Таким образом объясняется нам, почему Лжедимитрий является в современных литературных памятниках как еретик и чернокнижник, орудие темной, адской силы: он изменил древним обычаям, окружил себя чужими, иноверцами, еретиками, хвалил чужое, смеялся над своим; он явился слишком рано еще, именно столетием раньше; люди, которые могли не оскорбиться его поведением, не составляли в это время даже и меньшинства, – они составляли исключение; притом же впоследствии открыли, что он был самозванец, обманщик, обольститель, следовательно, необходимо орудие духа лжи и обольщения: наконец явился неведомо как, достигнул царства изумительными, чудесными для большинства средствами. Сам Палицын, бесспорно разумнейший из тогдашних грамотеев, говорит, что Лжедимитрий был чернокнижник, еще в молодости навыкший чернокнижию. Впрочем, свидетельство о чернокнижии Лжедимитрия можно принимать и буквально: при умственной неразвитости людей того времени таинственные знания, книги, в которых они заключались, имели неотразимую прелесть для молодых людей, живых, у которых сильно работали мысль и воображение, которые хотели узнать побольше того, что могли им предложить тогдашние мудрецы – нечернокнижники; очень легко могло быть, что в руках пылкого, пытливого Отрепьева видали и запрещенные книги, какие-нибудь Аристотелевы врата.

Если Лжедимитрий был еретик и чернокнижник, то, разумеется, с таким же характером, и даже еще в сильнейшей степени, явилась жена его Марина, еретица, воруха, латынской веры девка, луторка и калвинка. Сочетание трех последних отзывов об одном и том же лице, – сочетание, встречаемое в писаниях тогдашних грамотеев, – разумеется, поражает нас теперь; но предки наши не обращали внимания на различие исповеданий; они употребляли эти три названия – латынец, лютер и калвин как бранные, говоря о всяком чужом, о всяком западнике.
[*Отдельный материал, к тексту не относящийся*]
(* Let $X^n$ be a sequence of processes converging locally to a process $X$ in the Skorokhod topology under a continuous test function $f:\cdot\to[0,\infty]$, and assume that $X$ has continuous paths and does not have finite-time explosion. Then for any $r,t>0$, $$\limsup_{n}\mathbb P\big(\tau_r^{(n)}\le t\big)\le \mathbb P(\tau_r\le t),$$ and consequently $\lim_{r\to\infty}\limsup_n\mathbb P(\tau_r^{(n)}\le t)=0$.
   Context: For $r>0$ set $\tau_r^{(n)}=\inf\{t\ge0: f(X^n_t)\ge r\}$ and $\tau_r=\inf\{t\ge0: f(X_t)\ge r\}$. "$X^n$ converges locally to $X$ in the Skorokhod topology under $f$" means: for every $r>0$, the stopped processes satisfy $X^n_{t\wedge\tau^{(n)}_r}\Rightarrow X_{t\wedge\tau_r}$ in distribution in the Skorokhod topology. $X$ "does not have finite-time explosion" means $\mathbb P(\lim_{r\to\infty}\tau_r=\infty)=1$. *)

theory Defs
  imports "HOL-Probability.Probability"
begin

text \<open>Paths are functions real => 'e; only times t >= 0 are relevant.\<close>

definition cadlag :: "(real \<Rightarrow> 'e::metric_space) \<Rightarrow> bool" where
  "cadlag x \<longleftrightarrow> (\<forall>t\<ge>0. continuous (at_right t) x \<and> (t > 0 \<longrightarrow> (\<exists>l. (x \<longlongrightarrow> l) (at_left t))))"
lemma block_walk_link:
  assumes q: "0 < q"
  shows "pair_word q (block_walk q n i (q\<^sup>2 - 1)) = pair_word q (block_walk q n (Suc i) 0)"
proof -
  let ?turn = "Suc i mod q ^ (n - 1) = 0"
  have "pair_word q (if ?turn then quarter_turn (snake q (q\<^sup>2 - 1)) else snake q (q\<^sup>2 - 1))
      = pair_word q (if ?turn then quarter_turn (-1, 0) else (-1, 0))"
    using snake_last[OF q] pair_word_quarter_turn_eq_iff[OF q] by simp
  then have "pair_word q (block_walk q n i (q\<^sup>2 - 1))
      = pair_word q (block_offset q n i + (if ?turn then (0, 1) else (-1, 0)))"
    unfolding block_walk_def by (auto simp: quarter_turn_def intro: pair_word_add_cong[OF q])
  then show ?thesis
    by (simp add: block_walk_def block_offset_Suc)
qed

lemma block_offset_shift:
  assumes q: "0 < q" and n: "2 \<le> n"
  shows "pair_word q (block_offset q n ((i + q ^ (n - 1)) mod q ^ n)) = pair_word q (block_offset q n i + (1, 1))"
proof -
  define Q where "Q = q ^ (n - 1)"
  define i' where "i' = (i + Q) mod q ^ n"
  have top: "int (i' div Q) mod int q = (int (i div Q) + 1) mod int q"
    using shifted_block_index(1)[OF q, of n i] n unfolding Q_def i'_def by (simp add: zmod_int add.commute)
  have "q dvd Q"
    using n unfolding Q_def by (simp add: dvd_power)
  moreover have "i' mod Q mod q = i mod Q mod q"
    using shifted_block_index(2)[OF q, of n i] n unfolding Q_def i'_def by simp
  ultimately have "i' mod q = i mod q"
    by (simp add: mod_mod_cancel)
  then have low: "int i' mod int q = int i mod int q"
    unfolding zmod_int[symmetric] by simp
  have "pair_word q (block_offset q n i') = pair_word q (block_offset q n i + (1, 1))"
    unfolding pair_word_eq_iff[OF q] block_offset_def Q_def[symmetric]
    using top mod_diff_cong[OF top low] by (simp add: algebra_simps)
  then show ?thesis
    unfolding i'_def Q_def .
qed

lemma block_walk_shift:
  assumes q: "0 < q" and n: "2 \<le> n"
  shows "pair_word q (block_walk q n ((i + q ^ (n - 1)) mod q ^ n) s) = pair_word q (block_walk q n i s + (1, 1))"
proof -
  let ?i' = "(i + q ^ (n - 1)) mod q ^ n"
  have "Suc ?i' mod q ^ (n - 1) = Suc (?i' mod q ^ (n - 1)) mod q ^ (n - 1)"
    by (simp add: mod_Suc_eq)
  also have "\<dots> = Suc i mod q ^ (n - 1)"
    using shifted_block_index(2)[OF q, of n i] n by (simp add: mod_Suc_eq)
  finally show ?thesis
    using pair_word_add_cong[OF q block_offset_shift[OF q n, of i]]
    unfolding block_walk_def by (simp add: ac_simps)
qed

definition extend_code :: "nat \<Rightarrow> nat \<Rightarrow> (nat \<Rightarrow> nat \<Rightarrow> nat) \<Rightarrow> nat \<Rightarrow> nat \<Rightarrow> nat" where
  "extend_code q n G = block_code q n 2 G (\<lambda>i s. pair_word q (block_walk q n i s))"

lemma quasi_complementary_extend_code:
  assumes q: "2 \<le> q" and n: "2 \<le> n" and G: "quasi_complementary_lee_gray_code q n G"
  shows "quasi_complementary_lee_gray_code q (n + 2) (extend_code q n G)"
proof -
  have q0: "0 < q"
    using q by simp
  have walk: "lee_walk q (q\<^sup>2) (block_walk q n i)" for i
    by (rule lee_walk_block_walk[OF q0])
  then have "inj_on (\<lambda>s. pair_word q (block_walk q n i s)) {..<q\<^sup>2}" for i
    unfolding lee_walk_def comp_def by blast
  moreover have "lee_dist q 2 (pair_word q (block_walk q n i s)) (pair_word q (block_walk q n i (Suc s))) = 1"
    if "Suc s < q\<^sup>2" for i s
    by (rule lee_walk_lee_dist[OF q walk that])
  moreover have "pair_word q (block_walk q n ((i + q ^ (n - 1)) mod q ^ n) s)
      = add_ones q 2 (pair_word q (block_walk q n i s))" for i s
    using block_walk_shift[OF q0 n] by (simp add: add_ones_pair_word[OF q0])
  moreover have "pair_word q (block_walk q n i (q\<^sup>2 - 1)) = pair_word q (block_walk q n (Suc i) 0)" for i
    by (rule block_walk_link[OF q0])
  ultimately show ?thesis
    unfolding extend_code_def
    by (intro quasi_complementary_block_code[OF q0 _ G])
       (use n in \<open>simp_all add: pair_word_in_words[OF q0]\<close>)
qed
(* Let $\Gamma$ be a discrete group and $X$ a compact $\Gamma$-space. Then: (i) $X_0^0=\left(\bigcup_{g\in\Gamma}\partial(\operatorname{int}X^g)\right)^{c}$; (ii) if $\Gamma$ is countable, then $X_0^0$ is a dense $G_\delta$ subset of $X$; (iii) $\{x\in X:\Gamma_x=\Gamma_x^0\}\subseteq X_0^0$; (iv) $X_0^0=X$ if and only if $\operatorname{int}X^g$ is closed for all $g\in\Gamma$.
   Context: A compact $\Gamma$-space is a compact Hausdorff space with an action of $\Gamma$ by homeomorphisms. $X^g=\{x:gx=x\}$, $\partial$ denotes topological boundary, $\Gamma_x=\{g:gx=x\}$, and $\Gamma_x^0=\{g: g\text{ fixes pointwise an open neighborhood of } x\}$. $\operatorname{Sub}(\Gamma)$ is the space of subgroups of $\Gamma$ with the Chabauty topology (induced from the product topology on $\{0,1\}^\Gamma$ via characteristic functions), and $X_0^0$ is the set of points of $X$ at which the map $X\to\operatorname{Sub}(\Gamma)$, $x\mapsto\Gamma_x^0$, is continuous. *)

theory Defs
  imports "HOL-Analysis.Analysis" "HOL-Algebra.Group"
begin

definition homeo_action :: "('g, 'b) monoid_scheme \<Rightarrow> 'a topology \<Rightarrow> ('g \<Rightarrow> 'a \<Rightarrow> 'a) \<Rightarrow> bool" where
  "homeo_action G X act \<longleftrightarrow> group G
     \<and> (\<forall>g\<in>carrier G. homeomorphic_map X X (act g))
     \<and> (\<forall>x\<in>topspace X. act \<one>\<^bsub>G\<^esub> x = x)
     \<and> (\<forall>g\<in>carrier G. \<forall>h\<in>carrier G. \<forall>x\<in>topspace X. act (g \<otimes>\<^bsub>G\<^esub> h) x = act g (act h x))"

definition fixset :: "'a topology \<Rightarrow> ('g \<Rightarrow> 'a \<Rightarrow> 'a) \<Rightarrow> 'g \<Rightarrow> 'a set" where
  "fixset X act g = {x \<in> topspace X. act g x = x}"

definition stab :: "('g, 'b) monoid_scheme \<Rightarrow> ('g \<Rightarrow> 'a \<Rightarrow> 'a) \<Rightarrow> 'a \<Rightarrow> 'g set" where
  "stab G act x = {g \<in> carrier G. act g x = x}"

definition stab0 :: "('g, 'b) monoid_scheme \<Rightarrow> 'a topology \<Rightarrow> ('g \<Rightarrow> 'a \<Rightarrow> 'a) \<Rightarrow> 'a \<Rightarrow> 'g set" where
  "stab0 G X act x = {g \<in> carrier G. \<exists>U. openin X U \<and> x \<in> U \<and> (\<forall>y\<in>U. act g y = y)}"

definition charfun :: "('g, 'b) monoid_scheme \<Rightarrow> 'g set \<Rightarrow> ('g \<Rightarrow> bool)" where
  "charfun G H = restrict (\<lambda>g. g \<in> H) (carrier G)"
text \<open>An edge not joining a vertex to its parent would close a cycle with a root path.\<close>
lemma edge_parent_cases:
  assumes "{a, b} \<in> E"
  shows "(a \<noteq> r \<and> b = parent a) \<or> (b \<noteq> r \<and> a = parent b)"
proof -
  have ab: "a \<in> S" "b \<in> S" "a \<noteq> b" using edge_endpoints[OF assms] by auto
  note pb = path_to[OF ab(2)] path_to_not_Nil[OF ab(2)]
  show ?thesis
  proof (cases "a \<in> set (path_to b)")
    case True
    then obtain k where k: "k < length (path_to b)" "path_to b ! k = a"
      by (auto simp: in_set_conv_nth)
    have "k \<noteq> length (path_to b) - 1" using k(2) pb ab(3) by (auto simp: last_conv_nth)
    show ?thesis
    proof (cases "k = length (path_to b) - 2")
      case True
      then have "b \<noteq> r" using k \<open>k \<noteq> length (path_to b) - 1\<close> path_to_root by auto
      then show ?thesis using True k(2) unfolding parent_def by simp
    next
      case False
      then have "k + 3 \<le> length (path_to b)" using k(1) \<open>k \<noteq> length (path_to b) - 1\<close> by linarith
      then have "is_cycle S E (drop k (path_to b))"
        unfolding is_cycle_def using is_path_drop[OF pb(1) k(1)] k pb(3) assms
        by (auto simp: hd_drop_conv_nth insert_commute)
      then show ?thesis using acyclic by blast
    qed
  next
    case False
    have "is_path S E (path_to b @ [a])"
      using pb False ab(1) assms
      by (auto simp: is_path_iff_successively successively_append_iff insert_commute)
    then have pa: "path_to a = path_to b @ [a]" using path_to_eqI[of "path_to b @ [a]"] pb by simp
    then have "a \<noteq> r" using path_to_root pb(4) by (cases "path_to b") auto
    moreover have "parent a = b" unfolding parent_def pa using pb
      by (simp add: nth_append last_conv_nth)
    ultimately show ?thesis by simp
  qed
qed
lemma char_poly_r_seq_degree_gt:
  assumes "is_char_poly d r_seq n" "2 * m < n"
  shows "m < degree d"
proof -
  obtain p where p: "profile_poly m p"
    using profile_poly_exists ..
  have "Suc (2 * m) \<le> degree p + degree d"
    using is_char_poly_degree_add_ge[OF profile_poly_is_char_poly[OF p order.refl]
        profile_poly_not_char_poly[OF p] is_char_poly_mono[OF assms(1)]] assms(2) by simp
  then show ?thesis
    using p by (simp add: profile_poly_def)
qed

lemma linear_complexity_eqI:
  assumes "is_char_poly c s n" "\<And>d. is_char_poly d s n \<Longrightarrow> degree c \<le> degree d"
  shows "linear_complexity s n = degree c"
  unfolding linear_complexity_def using assms by (intro Least_equality) auto

theorem corollary4:
  fixes n :: nat
  assumes "n \<ge> 1"
  shows "linear_complexity r_seq n = (n + 1) div 2"
proof -
  obtain p where p: "profile_poly ((n + 1) div 2) p"
    using profile_poly_exists ..
  have "is_char_poly p r_seq n"
    using p by (rule profile_poly_is_char_poly) simp
  moreover have "(n + 1) div 2 \<le> degree d" if "is_char_poly d r_seq n" for d
  proof -
    have "2 * ((n - 1) div 2) < n" "(n + 1) div 2 = Suc ((n - 1) div 2)"
      using assms by presburger+
    then show ?thesis
      using char_poly_r_seq_degree_gt[OF that] by (simp add: Suc_le_eq)
  qed
  ultimately show ?thesis
    using p by (simp add: linear_complexity_eqI profile_poly_def)
qed

end
(* For any sequence of instances $\{\mathcal{I}_N\}_{N\ge1}$ of the binary voting game there exists a sequence of regular strategy profiles $\{\Sigma'_N\}_{N\ge1}$ ($\Sigma'_N$ a profile in $\mathcal{I}_N$) such that $\lim_{N\to\infty}A(\Sigma'_N)=1$.
   Context: Binary voting game. An instance has $N$ agents each voting for $\mathbf{A}$ or $\mathbf{R}$. Unobserved world state $W\in\{L,H\}$ with common prior $P_L,P_H>0$. Conditional on $W$, each agent independently receives a signal $S_n\in\{l,h\}$ with $P_{sw}=\Pr[S_n=s\mid W=w]$, $P_{hH}>P_{hL}$, $P_{lH}<P_{lL}$. With threshold $\mu\in(0,1)$, $\mathbf{A}$ wins iff at least $\mu N$ agents vote $\mathbf{A}$, else $\mathbf{R}$ wins. Agent $n$ has utility $v_n:\{L,H\}\times\{\mathbf{A},\mathbf{R}\}\to\{0,\dots,B\}$ with $v_n(H,\mathbf{A})>v_n(L,\mathbf{A})$, $v_n(H,\mathbf{R})<v_n(L,\mathbf{R})$. Every agent is friendly ($v_n(H,\mathbf{A})>v_n(L,\mathbf{A})>v_n(L,\mathbf{R})>v_n(H,\mathbf{R})$), unfriendly ($v_n(L,\mathbf{R})>v_n(H,\mathbf{R})>v_n(H,\mathbf{A})>v_n(L,\mathbf{A})$), or contingent ($v_n(H,\mathbf{A})>v_n(H,\mathbf{R})$, $v_n(L,\mathbf{R})>v_n(L,\mathbf{A})$). Fixed constants $\alpha_F,\alpha_U,\alpha_C\ge0$ summing to $1$: $N_F=\lfloor\alpha_F N\rfloor$ friendly, $N_U=\lfloor\alpha_U N\rfloor$ unfriendly, $N_C=N-N_F-N_U$ contingent agents. Standing assumption: $\alpha_F<\mu$ and $\alpha_U<1-\mu$ (neither predetermined group can dominate), so the informed majority decision is $\mathbf{A}$ in $H$ and $\mathbf{R}$ in $L$. A sequence of instances $\{\mathcal{I}_N\}$: $\mathcal{I}_N$ has $N$ agents; all share $\mu$, prior, signal distributions and $\alpha$'s; utilities arbitrary. Strategy $\sigma=(\beta_l,\beta_h)$ with $\beta_s$ = probability of voting $\mathbf{A}$ on signal $s$. A profile is regular if friendly agents always vote $\mathbf{A}$ and unfriendly agents always vote $\mathbf{R}$. Fidelity: $A(\Sigma)=P_L\lambda^{\mathbf{R}}_L(\Sigma)+P_H\lambda^{\mathbf{A}}_H(\Sigma)$, where $\lambda^{\mathbf{X}}_w(\Sigma)$ is the ex-ante probability that $\mathbf{X}$ wins in state $w$. *)

theory Defs
  imports Complex_Main
begin

datatype world = L | H
datatype outcome = Acc | Rej   (* Acc = alternative A, Rej = alternative R *)
datatype signal = sl | sh

type_synonym utility = "world \<Rightarrow> outcome \<Rightarrow> nat"
type_synonym strategy = "real \<times> real"   (* (beta_l, beta_h) *)

definition friendly :: "utility \<Rightarrow> bool" where
  "friendly v \<longleftrightarrow> v H Acc > v L Acc \<and> v L Acc > v L Rej \<and> v L Rej > v H Rej"

definition unfriendly :: "utility \<Rightarrow> bool" where
  "unfriendly v \<longleftrightarrow> v L Rej > v H Rej \<and> v H Rej > v H Acc \<and> v H Acc > v L Acc"

definition contingent :: "utility \<Rightarrow> bool" where
  "contingent v \<longleftrightarrow> v H Acc > v H Rej \<and> v L Rej > v L Acc"

definition valid_instance :: "nat \<Rightarrow> real \<Rightarrow> real \<Rightarrow> nat \<Rightarrow> (nat \<Rightarrow> utility) \<Rightarrow> bool" where
  "valid_instance B alphaF alphaU N v \<longleftrightarrow>
     (\<forall>n<N. \<forall>w x. v n w x \<le> B) \<and>
     (\<forall>n<N. v n H Acc > v n L Acc \<and> v n H Rej < v n L Rej) \<and>
     (\<forall>n<N. friendly (v n) \<or> unfriendly (v n) \<or> contingent (v n)) \<and>
     card {n. n < N \<and> friendly (v n)} = nat \<lfloor>alphaF * real N\<rfloor> \<and>
     card {n. n < N \<and> unfriendly (v n)} = nat \<lfloor>alphaU * real N\<rfloor>"

definition valid_strategy :: "strategy \<Rightarrow> bool" where
  "valid_strategy \<sigma> \<longleftrightarrow> 0 \<le> fst \<sigma> \<and> fst \<sigma> \<le> 1 \<and> 0 \<le> snd \<sigma> \<and> snd \<sigma> \<le> 1"

definition regular_profile :: "nat \<Rightarrow> (nat \<Rightarrow> utility) \<Rightarrow> (nat \<Rightarrow> strategy) \<Rightarrow> bool" where
  "regular_profile N v \<Sigma> \<longleftrightarrow>
     (\<forall>n<N. valid_strategy (\<Sigma> n)) \<and>
     (\<forall>n<N. friendly (v n) \<longrightarrow> \<Sigma> n = (1, 1)) \<and>
     (\<forall>n<N. unfriendly (v n) \<longrightarrow> \<Sigma> n = (0, 0))"
lemma (in finite_measure) triple_integral_sum_indicator_cubes:
  assumes "finite J" and "\<And>j. j \<in> J \<Longrightarrow> A j \<in> sets M"
  shows "triple_integral M (\<lambda>x y z. \<Sum>j\<in>J. indicator (A j) x * indicator (A j) y * indicator (A j) z)
    = (\<Sum>j\<in>J. (measure M (A j))^3)"
proof -
  have int: "integrable M (indicator (A j) :: _ \<Rightarrow> real)" if "j \<in> J" for j
    using assms(2)[OF that] by (simp add: emeasure_eq_measure)
  have A_space: "A j \<inter> space M = A j" if "j \<in> J" for j
    using sets.sets_into_space[OF assms(2)[OF that]] by blast
  have "(\<integral>x. (\<Sum>j\<in>J. indicator (A j) x * indicator (A j) y * indicator (A j) z) \<partial>M)
      = (\<Sum>j\<in>J. measure M (A j) * indicator (A j) y * indicator (A j) z)" for y z
    using int A_space by (simp add: integral_sum mult.assoc)
  moreover have "(\<integral>y. (\<Sum>j\<in>J. measure M (A j) * indicator (A j) y * indicator (A j) z) \<partial>M)
      = (\<Sum>j\<in>J. (measure M (A j))\<^sup>2 * indicator (A j) z)" for z
    using int A_space by (simp add: integral_sum mult.assoc power2_eq_square)
  moreover have "(\<integral>z. (\<Sum>j\<in>J. (measure M (A j))\<^sup>2 * indicator (A j) z) \<partial>M)
      = (\<Sum>j\<in>J. (measure M (A j))^3)"
    using int A_space by (simp add: integral_sum power3_eq_cube power2_eq_square)
  ultimately show ?thesis by (simp add: triple_integral_def)
qed

locale sphere_probability = prob_space M for M :: "'a::euclidean_space measure" +
  assumes sets_eq_borel [measurable_cong]: "sets M = sets borel"
    and AE_norm_eq_1: "AE x in M. norm x = 1"
begin

lemma space_eq_UNIV: "space M = UNIV"
  using sets_eq_imp_space_eq[OF sets_eq_borel] by simp

lemma borel_measurable_iff: "f \<in> borel_measurable M \<longleftrightarrow> f \<in> borel_measurable borel"
  by (simp add: measurable_cong_sets[OF sets_eq_borel refl])

lemma integrable_bounded_on_sphere:
  fixes h :: "'a \<Rightarrow> 'b::{banach, second_countable_topology}"
  assumes "h \<in> borel_measurable borel" and "\<And>x. norm x = 1 \<Longrightarrow> norm (h x) \<le> C"
  shows "integrable M h"
  using AE_norm_eq_1 assms
  by (intro integrable_const_bound[where B = C]) (auto elim!: eventually_mono simp: borel_measurable_iff)

lemma abs_integral_le_on_sphere:
  fixes h :: "'a \<Rightarrow> real"
  assumes "h \<in> borel_measurable borel" and "\<And>x. norm x = 1 \<Longrightarrow> \<bar>h x\<bar> \<le> C"
  shows "\<bar>\<integral>x. h x \<partial>M\<bar> \<le> C"
proof -
  have "\<bar>\<integral>x. h x \<partial>M\<bar> \<le> (\<integral>x. \<bar>h x\<bar> \<partial>M)" by (rule integral_abs_bound)
  also have "\<dots> \<le> (\<integral>x. C \<partial>M)"
    using AE_norm_eq_1 assms integrable_bounded_on_sphere[OF assms(1), of C]
    by (intro integral_mono_AE) (auto elim!: eventually_mono)
  finally show ?thesis by (simp add: prob_space)
qed

lemma borel_measurable_integral_parametric:
  fixes h :: "'b::second_countable_topology \<Rightarrow> 'a \<Rightarrow> 'c::{banach, second_countable_topology}"
  assumes "case_prod h \<in> borel_measurable borel"
  shows "(\<lambda>y. \<integral>x. h y x \<partial>M) \<in> borel_measurable borel"
proof -
  have "sets (borel \<Otimes>\<^sub>M M) = sets (borel \<Otimes>\<^sub>M (borel :: 'a measure))"
    by (rule sets_pair_measure_cong[OF refl sets_eq_borel])
  also have "\<dots> = sets (borel :: ('b \<times> 'a) measure)"
    by (simp only: borel_prod)
  finally have "case_prod h \<in> borel_measurable (borel \<Otimes>\<^sub>M M)"
    using assms measurable_cong_sets by blast
  then show ?thesis by (rule borel_measurable_lebesgue_integral)
qed

(* Joint measurability of a kernel F x y z is stated in the variable order ((z, y), x), so that
   each inner integral is a parametric integral over the last component. *)
lemma borel_measurable_partial_integrals:
  fixes F :: "'a \<Rightarrow> 'a \<Rightarrow> 'a \<Rightarrow> real"
  assumes F: "(\<lambda>((z, y), x). F x y z) \<in> borel_measurable borel"
  shows "(\<lambda>x. F x y z) \<in> borel_measurable borel"
    and "(\<lambda>y. \<integral>x. F x y z \<partial>M) \<in> borel_measurable borel"
    and "(\<lambda>z. \<integral>y. \<integral>x. F x y z \<partial>M \<partial>M) \<in> borel_measurable borel"
proof -
  have "(\<lambda>((z, y), x). F x y z) \<circ> (\<lambda>x. ((z, y), x)) \<in> borel_measurable borel"
    by (intro measurable_comp[OF _ F] borel_measurable_continuous_onI continuous_intros)
  then show "(\<lambda>x. F x y z) \<in> borel_measurable borel" by (simp add: o_def)
  have "(\<lambda>((z, y), x). F x y z) \<circ> (\<lambda>w. ((z, fst w), snd w)) \<in> borel_measurable borel"
    by (intro measurable_comp[OF _ F] borel_measurable_continuous_onI continuous_intros)
  then have "(\<lambda>(y, x). F x y z) \<in> borel_measurable borel"
    by (simp add: o_def case_prod_beta')
  then show "(\<lambda>y. \<integral>x. F x y z \<partial>M) \<in> borel_measurable borel"
    using borel_measurable_integral_parametric[of "\<lambda>y x. F x y z"] by simp
  have "(\<lambda>(z, y). \<integral>x. F x y z \<partial>M) \<in> borel_measurable borel"
    using borel_measurable_integral_parametric[of "\<lambda>w x. F x (snd w) (fst w)"] F
    by (simp add: case_prod_beta')
  then show "(\<lambda>z. \<integral>y. \<integral>x. F x y z \<partial>M \<partial>M) \<in> borel_measurable borel"
    using borel_measurable_integral_parametric[of "\<lambda>z y. \<integral>x. F x y z \<partial>M"] by simp
qed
Требование перекрещивания от людей других христианских исповеданий, переходящих в православие, всего лучше объясняет нам дело, всего лучше показывает нам, какое сильное впечатление производило на наших предков слово – чужой: это магическое слово отнимало способность находить в человеке другого христианского исповедания что-либо сходное, находить общую основу и вместе определять, какое из этих исповеданий ближе к нашему и какое дальше.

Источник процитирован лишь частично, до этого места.